REQUIREMENT:
Lines in the records below that contain the word "simp" must each be copied.

PROVIDED DATA:
'''
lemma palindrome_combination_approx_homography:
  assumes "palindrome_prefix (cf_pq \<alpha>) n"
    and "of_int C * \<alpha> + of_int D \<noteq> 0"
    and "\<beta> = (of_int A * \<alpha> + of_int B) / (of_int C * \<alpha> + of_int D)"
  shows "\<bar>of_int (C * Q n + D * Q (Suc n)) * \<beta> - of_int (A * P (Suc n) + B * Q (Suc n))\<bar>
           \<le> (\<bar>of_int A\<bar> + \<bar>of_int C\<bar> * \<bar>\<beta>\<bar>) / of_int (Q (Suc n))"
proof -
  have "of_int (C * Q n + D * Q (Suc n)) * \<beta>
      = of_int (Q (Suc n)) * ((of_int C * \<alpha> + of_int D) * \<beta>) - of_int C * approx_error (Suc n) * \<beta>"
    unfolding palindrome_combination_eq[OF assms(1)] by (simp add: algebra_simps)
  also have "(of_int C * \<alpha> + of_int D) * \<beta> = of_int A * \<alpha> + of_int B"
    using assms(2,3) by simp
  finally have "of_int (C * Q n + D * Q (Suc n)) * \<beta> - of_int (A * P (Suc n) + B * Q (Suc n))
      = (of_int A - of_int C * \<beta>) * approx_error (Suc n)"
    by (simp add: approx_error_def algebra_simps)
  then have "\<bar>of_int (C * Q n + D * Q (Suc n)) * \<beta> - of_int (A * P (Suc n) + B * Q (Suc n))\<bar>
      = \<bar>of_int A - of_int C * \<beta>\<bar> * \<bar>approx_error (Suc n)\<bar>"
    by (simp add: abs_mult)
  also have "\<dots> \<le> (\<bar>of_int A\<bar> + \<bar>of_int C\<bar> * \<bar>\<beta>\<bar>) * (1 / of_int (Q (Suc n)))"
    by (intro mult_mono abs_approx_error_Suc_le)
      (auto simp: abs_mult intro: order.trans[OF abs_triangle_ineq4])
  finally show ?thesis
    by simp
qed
'''
SOLUTION FOR THIS TASK:
    unfolding palindrome_combination_eq[OF assms(1)] by (simp add: algebra_simps)
    using assms(2,3) by simp
    by (simp add: approx_error_def algebra_simps)
    by (simp add: abs_mult)
      (auto simp: abs_mult intro: order.trans[OF abs_triangle_ineq4])
    by simp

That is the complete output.